The cavalcade went away; and here came the travelling carriage of old Madame. The two mice were sad, and danced with their tears all over the legs of the Cossack.

“Oh, dear! dear!” sighed Molly, and wanted, of course, to gesture, but not her foot alone, her curly and symmetrical little figure dropped all at once. She grieved for the deceased lady, and at the same time with herself for having forgot to take her manners with her.

All was lost but the gentle enjoyment which dimly lived in their hearts; their legs alone felt that they were absurd. The sweet figure of the dead lady grew clearer, so did these legs felt more stiff and cumbrous.
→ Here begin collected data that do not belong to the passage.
(* Let $n,m\geq 1$, $k=(k_1,\dots,k_n)\in\mathbb{Z}_{\geq1}^n$, $u=(u_1,\dots,u_m)\in\mathbb{Z}_{\geq0}^m$, $T\geq 0$, and for each $e\in[m]$ let $c_e:\mathbb{Z}_{\ge0}\to\mathbb{R}$ be non-decreasing. Let $K=\sum_ik_i$, $K_2=\sum_i k_i(k_i-1)$, $k!=\prod_ik_i!$, $L(k,u)=\{\alpha\in\mathbb{Z}^m:0\leq\alpha\leq u,\ |\alpha|=K\}$ and $\bar\Phi(\alpha)=\sum_{e=1}^m\sum_{j=1}^{\alpha_e}c_e(j)$. Then the $K$-homogeneous polynomial in $m$ variables $$g(x_1,\dots,x_m)=\sum_{\alpha\in L(k,u)}\frac{K!}{k!\,\alpha!}\exp\Big(-\frac{K_2}{K^2}\sum_{j=1}^m\alpha_j(\alpha_j-1)\Big)\exp\big(-T\bar\Phi(\alpha)\big)\,x^\alpha$$ is strongly log-concave.
   Context: Notation: $|\alpha|=\sum_j\alpha_j$, $\alpha!=\prod_j\alpha_j!$, $x^\alpha=\prod_jx_j^{\alpha_j}$, $0\le\alpha\le u$ coordinatewise. This polynomial arises from $u$-capacitated $k$-uniform congestion games (player $i$ chooses any $k_i$-subset of resources $[m]$, resource $e$ can be used by at most $u_e$ players). A polynomial $p$ with non-negative coefficients is log-concave on $\mathbb{R}^m_{>0}$ if the Hessian of $\log p$ is negative semidefinite there (the zero polynomial is considered log-concave); $p$ is strongly log-concave (SLC) if $\partial^\beta p=\prod_i\partial_{x_i}^{\beta_i}p$ is log-concave for every $\beta\in\mathbb{Z}^m_{\geq0}$. *)

theory Defs
  imports Complex_Main
begin

text \<open>A polynomial in the variables x_j (j ranging over the finite type 'm) with real
coefficients is represented by its coefficient function on exponent vectors
alpha :: 'm => nat (finitely supported in all uses below).\<close>

type_synonym 'm mpoly_coeffs = "('m \<Rightarrow> nat) \<Rightarrow> real"

definition mpoly_eval :: "'m::finite mpoly_coeffs \<Rightarrow> ('m \<Rightarrow> real) \<Rightarrow> real" where
  "mpoly_eval p x = (\<Sum>\<alpha>\<in>{\<alpha>. p \<alpha> \<noteq> 0}. p \<alpha> * (\<Prod>j\<in>UNIV. x j ^ \<alpha> j))"

definition pdiff :: "'m \<Rightarrow> 'm mpoly_coeffs \<Rightarrow> 'm mpoly_coeffs" where
  "pdiff i p = (\<lambda>\<alpha>. real (\<alpha> i + 1) * p (\<alpha>(i := \<alpha> i + 1)))"

definition pdiffs :: "('m::finite \<Rightarrow> nat) \<Rightarrow> 'm mpoly_coeffs \<Rightarrow> 'm mpoly_coeffs" where
  "pdiffs \<beta> p = (\<lambda>\<alpha>. (\<Prod>j\<in>UNIV. pochhammer (real (\<alpha> j + 1)) (\<beta> j)) * p (\<lambda>j. \<alpha> j + \<beta> j))"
Max cried aloud, “One would think one was dead one’s self!”

How mowled and squeaked the two unhappy mice! What strong, what fiery grief was theirs! The grey-and-brown dress was turned white with scurf, every hair stank as fish. Both the legs lay for a long time in a puddle in the road—a horrible puddle! Max’s little black buttons, and Molly’s unassuming flower basket, whose handle was of black silk, lost all their color.

No manners! The lady thought them dead and turned away, smiling scornfully. Oh, they remembered old Madame, whose like was nowhere in the world! They looked up at the sky, which so viewed them smilingly. “Oh, we will make fines, and become punctual once more!” cried they both.

Slowly then and cautiously they gathered themselves together again, thought of their open door-plates, and meditated sorrowfully. Pomposities without and true virtues within!

It became cooler; they had wept themselves to sleep. What a night was that! The autumn wind swept around, and the autumn leaves rustled under the two little mice’ heads, as the draperies beneath a window’s sill.

“Why have we lost our manners?” sighed both the mice to each other.

They pondered, certainly they must find something that might suffice as manners; this sufficed as they went on their way very quietly up stairs into their blocked-up chimney-corner, where a hole had been made to receive them in a quiet kind of way.

Max’s grey-and-brown coat became perfectly white: how luckily it was that the dresses were of silk-velvet, that they did not shape themselves closer about the little figure, that all the embarrassments went off. When they had had three quiet days in there all went on as usual once more.

Old Madame was dead; but both young impressed most affectionately and in a very grand manner received all the snow, which in winter let herself drop all around their pretty house in boughs so clean, so light, and so luminous.

And do you really think they forgot to begin their manners once more? No!